PROBLEM – An exact copy of all the data is the expected answer.
-------- MATERIAL SUPPLIED
text \<open>Spectral (Fourier multiplier) operator with symbol sigma; for real f and the symbols used
  below the sum is real, we take its real part.\<close>
definition spec :: "nat \<Rightarrow> (int \<times> int \<times> int \<Rightarrow> complex) \<Rightarrow> grid \<Rightarrow> grid" where
  "spec K \<sigma> f x = (case x of (i, j, k) \<Rightarrow>
     Re (\<Sum>l\<in>modes K. \<Sum>m\<in>modes K. \<Sum>n\<in>modes K.
        \<sigma> (l, m, n) * dft K f (l, m, n) *
        cis (2 * pi * (real_of_int (l * i + m * j + n * k)) * hh K)))"

definition Dx :: "nat \<Rightarrow> grid \<Rightarrow> grid" where
  "Dx K = spec K (\<lambda>(l, m, n). \<i> * complex_of_real (2 * pi * real_of_int l))"
definition Dy :: "nat \<Rightarrow> grid \<Rightarrow> grid" where
  "Dy K = spec K (\<lambda>(l, m, n). \<i> * complex_of_real (2 * pi * real_of_int m))"
definition Dz :: "nat \<Rightarrow> grid \<Rightarrow> grid" where
  "Dz K = spec K (\<lambda>(l, m, n). \<i> * complex_of_real (2 * pi * real_of_int n))"

definition Lap :: "nat \<Rightarrow> grid \<Rightarrow> grid" where
  "Lap K = spec K (\<lambda>(l, m, n). complex_of_real (- 4 * pi\<^sup>2 * real_of_int (l\<^sup>2 + m\<^sup>2 + n\<^sup>2)))"

definition grad :: "nat \<Rightarrow> grid \<Rightarrow> vgrid" where
  "grad K f = (Dx K f, Dy K f, Dz K f)"

definition dvg :: "nat \<Rightarrow> vgrid \<Rightarrow> grid" where
  "dvg K g = (case g of (g1, g2, g3) \<Rightarrow> (\<lambda>x. Dx K g1 x + Dy K g2 x + Dz K g3 x))"

definition nlterm :: "nat \<Rightarrow> grid \<Rightarrow> grid" where
  "nlterm K f = (let s = (\<lambda>x. (Dx K f x)\<^sup>2 + (Dy K f x)\<^sup>2 + (Dz K f x)\<^sup>2) in
     dvg K (\<lambda>x. s x * Dx K f x, \<lambda>x. s x * Dy K f x, \<lambda>x. s x * Dz K f x))"

definition H2norm :: "nat \<Rightarrow> grid \<Rightarrow> real" where
  "H2norm K f = sqrt ((lpnorm K 2 f)\<^sup>2 + (vlpnorm K 2 (grad K f))\<^sup>2 + (lpnorm K 2 (Lap K f))\<^sup>2)"

definition energy :: "nat \<Rightarrow> real \<Rightarrow> grid \<Rightarrow> real" where
  "energy K a \<phi> = 1/4 * (vlpnorm K 4 (grad K \<phi>)) ^ 4 + a / 2 * (lpnorm K 2 \<phi>)\<^sup>2
      - (vlpnorm K 2 (grad K \<phi>))\<^sup>2 + 1/2 * (lpnorm K 2 (Lap K \<phi>))\<^sup>2"

definition mu0 :: "nat \<Rightarrow> real \<Rightarrow> grid \<Rightarrow> grid" where
  "mu0 K a \<phi> = (\<lambda>x. - nlterm K \<phi> x + a * \<phi> x + 2 * Lap K \<phi> x + Lap K (Lap K \<phi>) x)"

text \<open>mu_1^{k+1}, arguments: new = phi^{k+1}, cur = phi^k, old = phi^{k-1}\<close>
definition mu1 :: "nat \<Rightarrow> real \<Rightarrow> real \<Rightarrow> real \<Rightarrow> grid \<Rightarrow> grid \<Rightarrow> grid \<Rightarrow> grid" where
  "mu1 K a A dt new cur old = (\<lambda>x. - nlterm K new x + a * new x
      + 2 * Lap K (\<lambda>y. 2 * cur y - old y) x
      - A * dt * Lap K (\<lambda>y. new y - cur y) x
      + Lap K (Lap K new) x)"

definition IdLap :: "nat \<Rightarrow> grid \<Rightarrow> grid" where
  "IdLap K f = (\<lambda>x. f x + Lap K f x)"

definition mu2 :: "nat \<Rightarrow> real \<Rightarrow> real \<Rightarrow> real \<Rightarrow> grid \<Rightarrow> grid \<Rightarrow> grid \<Rightarrow> grid" where
  "mu2 K \<epsilon> A dt new cur old = (\<lambda>x. - nlterm K new x
      - \<epsilon> * (2 * cur x - old x)
      - A * dt * Lap K (\<lambda>y. new y - cur y) x
      + IdLap K (IdLap K new) x)"

end

theory Submission
  imports Defs "HOL-Library.Product_Plus"
begin

text \<open>The discrete Fourier transform diagonalises everything: on one period the grid functions
  correspond exactly to the modes \<open>l\<close> with \<open>|l\<^sub>i| \<le> K\<close>, Parseval holds, and \<open>\<Delta>\<^sub>N\<close>, \<open>\<nabla>\<^sub>N\<close> are
  Fourier multipliers. With \<open>L = 4\<pi>\<^sup>2|l|\<^sup>2\<close>, the energy is \<open>1/4 \<parallel>\<nabla>\<^sub>N\<phi>\<parallel>\<^sub>4\<^sup>4\<close> plus the quadratic
  form with symbol \<open>a/2 - L + L\<^sup>2/2\<close>. Because \<open>L = 0\<close> or \<open>L \<ge> 4\<close>, that symbol dominates
  \<open>a/8 (1 + L + L\<^sup>2)\<close>, so the energy controls the \<open>H\<^sup>2\<close> norm.

  Test the scheme with \<open>\<phi>\<^bsup>k+1\<^esup> - \<phi>\<^bsup>k\<^esup>\<close> in the \<open>H\<^bsup>-1\<^esup>\<close> inner product. The BDF2 difference
  produces the telescoping term \<open>\<parallel>\<phi>\<^bsup>k+1\<^esup> - \<phi>\<^bsup>k\<^esup>\<parallel>\<^bsub>-1\<^esub>\<^sup>2 / (4\<Delta>t)\<close>, and convexity of
  \<open>1/4 |\<nabla>\<phi>|\<^sup>4\<close> handles the nonlinear term. The explicit linear terms telescope mode by mode,
  leaving a stabilising term: \<open>\<parallel>\<nabla>\<^sub>N(\<phi>\<^bsup>k+1\<^esup> - \<phi>\<^bsup>k\<^esup>)\<parallel>\<^sup>2\<close> for \<open>\<mu>\<^sub>1\<close>, and
  \<open>\<epsilon>/2 \<parallel>\<phi>\<^bsup>k+1\<^esup> - \<phi>\<^bsup>k\<^esup>\<parallel>\<^sup>2\<close> for \<open>\<mu>\<^sub>2\<close>. This step also uses the gap in the spectrum,
  so \<open>A \<ge> 0\<close> suffices. Hence the modified energy does not increase, and the choice of
  \<open>\<phi>\<^bsup>-1\<^esup>\<close> makes its initial value exactly the assumed bound.\<close>

section \<open>Discrete Fourier analysis on the grid\<close>

lemma NN_pos: "0 < NN K"
  by (simp add: NN_def)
----------------
RESPONSE AREA –
text \<open>Spectral (Fourier multiplier) operator with symbol sigma; for real f and the symbols used
  below the sum is real, we take its real part.\<close>
definition spec :: "nat \<Rightarrow> (int \<times> int \<times> int \<Rightarrow> complex) \<Rightarrow> grid \<Rightarrow> grid" where
  "spec K \<sigma> f x = (case x of (i, j, k) \<Rightarrow>
     Re (\<Sum>l\<in>modes K. \<Sum>m\<in>modes K. \<Sum>n\<in>modes K.
        \<sigma> (l, m, n) * dft K f (l, m, n) *
        cis (2 * pi * (real_of_int (l * i + m * j + n * k)) * hh K)))"

definition Dx :: "nat \<Rightarrow> grid \<Rightarrow> grid" where
  "Dx K = spec K (\<lambda>(l, m, n). \<i> * complex_of_real (2 * pi * real_of_int l))"
definition Dy :: "nat \<Rightarrow> grid \<Rightarrow> grid" where
  "Dy K = spec K (\<lambda>(l, m, n). \<i> * complex_of_real (2 * pi * real_of_int m))"
definition Dz :: "nat \<Rightarrow> grid \<Rightarrow> grid" where
  "Dz K = spec K (\<lambda>(l, m, n). \<i> * complex_of_real (2 * pi * real_of_int n))"

definition Lap :: "nat \<Rightarrow> grid \<Rightarrow> grid" where
  "Lap K = spec K (\<lambda>(l, m, n). complex_of_real (- 4 * pi\<^sup>2 * real_of_int (l\<^sup>2 + m\<^sup>2 + n\<^sup>2)))"

definition grad :: "nat \<Rightarrow> grid \<Rightarrow> vgrid" where
  "grad K f = (Dx K f, Dy K f, Dz K f)"

definition dvg :: "nat \<Rightarrow> vgrid \<Rightarrow> grid" where
  "dvg K g = (case g of (g1, g2, g3) \<Rightarrow> (\<lambda>x. Dx K g1 x + Dy K g2 x + Dz K g3 x))"

definition nlterm :: "nat \<Rightarrow> grid \<Rightarrow> grid" where
  "nlterm K f = (let s = (\<lambda>x. (Dx K f x)\<^sup>2 + (Dy K f x)\<^sup>2 + (Dz K f x)\<^sup>2) in
     dvg K (\<lambda>x. s x * Dx K f x, \<lambda>x. s x * Dy K f x, \<lambda>x. s x * Dz K f x))"

definition H2norm :: "nat \<Rightarrow> grid \<Rightarrow> real" where
  "H2norm K f = sqrt ((lpnorm K 2 f)\<^sup>2 + (vlpnorm K 2 (grad K f))\<^sup>2 + (lpnorm K 2 (Lap K f))\<^sup>2)"

definition energy :: "nat \<Rightarrow> real \<Rightarrow> grid \<Rightarrow> real" where
  "energy K a \<phi> = 1/4 * (vlpnorm K 4 (grad K \<phi>)) ^ 4 + a / 2 * (lpnorm K 2 \<phi>)\<^sup>2
      - (vlpnorm K 2 (grad K \<phi>))\<^sup>2 + 1/2 * (lpnorm K 2 (Lap K \<phi>))\<^sup>2"

definition mu0 :: "nat \<Rightarrow> real \<Rightarrow> grid \<Rightarrow> grid" where
  "mu0 K a \<phi> = (\<lambda>x. - nlterm K \<phi> x + a * \<phi> x + 2 * Lap K \<phi> x + Lap K (Lap K \<phi>) x)"

text \<open>mu_1^{k+1}, arguments: new = phi^{k+1}, cur = phi^k, old = phi^{k-1}\<close>
definition mu1 :: "nat \<Rightarrow> real \<Rightarrow> real \<Rightarrow> real \<Rightarrow> grid \<Rightarrow> grid \<Rightarrow> grid \<Rightarrow> grid" where
  "mu1 K a A dt new cur old = (\<lambda>x. - nlterm K new x + a * new x
      + 2 * Lap K (\<lambda>y. 2 * cur y - old y) x
      - A * dt * Lap K (\<lambda>y. new y - cur y) x
      + Lap K (Lap K new) x)"

definition IdLap :: "nat \<Rightarrow> grid \<Rightarrow> grid" where
  "IdLap K f = (\<lambda>x. f x + Lap K f x)"

definition mu2 :: "nat \<Rightarrow> real \<Rightarrow> real \<Rightarrow> real \<Rightarrow> grid \<Rightarrow> grid \<Rightarrow> grid \<Rightarrow> grid" where
  "mu2 K \<epsilon> A dt new cur old = (\<lambda>x. - nlterm K new x
      - \<epsilon> * (2 * cur x - old x)
      - A * dt * Lap K (\<lambda>y. new y - cur y) x
      + IdLap K (IdLap K new) x)"

end

theory Submission
  imports Defs "HOL-Library.Product_Plus"
begin

text \<open>The discrete Fourier transform diagonalises everything: on one period the grid functions
  correspond exactly to the modes \<open>l\<close> with \<open>|l\<^sub>i| \<le> K\<close>, Parseval holds, and \<open>\<Delta>\<^sub>N\<close>, \<open>\<nabla>\<^sub>N\<close> are
  Fourier multipliers. With \<open>L = 4\<pi>\<^sup>2|l|\<^sup>2\<close>, the energy is \<open>1/4 \<parallel>\<nabla>\<^sub>N\<phi>\<parallel>\<^sub>4\<^sup>4\<close> plus the quadratic
  form with symbol \<open>a/2 - L + L\<^sup>2/2\<close>. Because \<open>L = 0\<close> or \<open>L \<ge> 4\<close>, that symbol dominates
  \<open>a/8 (1 + L + L\<^sup>2)\<close>, so the energy controls the \<open>H\<^sup>2\<close> norm.

  Test the scheme with \<open>\<phi>\<^bsup>k+1\<^esup> - \<phi>\<^bsup>k\<^esup>\<close> in the \<open>H\<^bsup>-1\<^esup>\<close> inner product. The BDF2 difference
  produces the telescoping term \<open>\<parallel>\<phi>\<^bsup>k+1\<^esup> - \<phi>\<^bsup>k\<^esup>\<parallel>\<^bsub>-1\<^esub>\<^sup>2 / (4\<Delta>t)\<close>, and convexity of
  \<open>1/4 |\<nabla>\<phi>|\<^sup>4\<close> handles the nonlinear term. The explicit linear terms telescope mode by mode,
  leaving a stabilising term: \<open>\<parallel>\<nabla>\<^sub>N(\<phi>\<^bsup>k+1\<^esup> - \<phi>\<^bsup>k\<^esup>)\<parallel>\<^sup>2\<close> for \<open>\<mu>\<^sub>1\<close>, and
  \<open>\<epsilon>/2 \<parallel>\<phi>\<^bsup>k+1\<^esup> - \<phi>\<^bsup>k\<^esup>\<parallel>\<^sup>2\<close> for \<open>\<mu>\<^sub>2\<close>. This step also uses the gap in the spectrum,
  so \<open>A \<ge> 0\<close> suffices. Hence the modified energy does not increase, and the choice of
  \<open>\<phi>\<^bsup>-1\<^esup>\<close> makes its initial value exactly the assumed bound.\<close>

section \<open>Discrete Fourier analysis on the grid\<close>

lemma NN_pos: "0 < NN K"
  by (simp add: NN_def)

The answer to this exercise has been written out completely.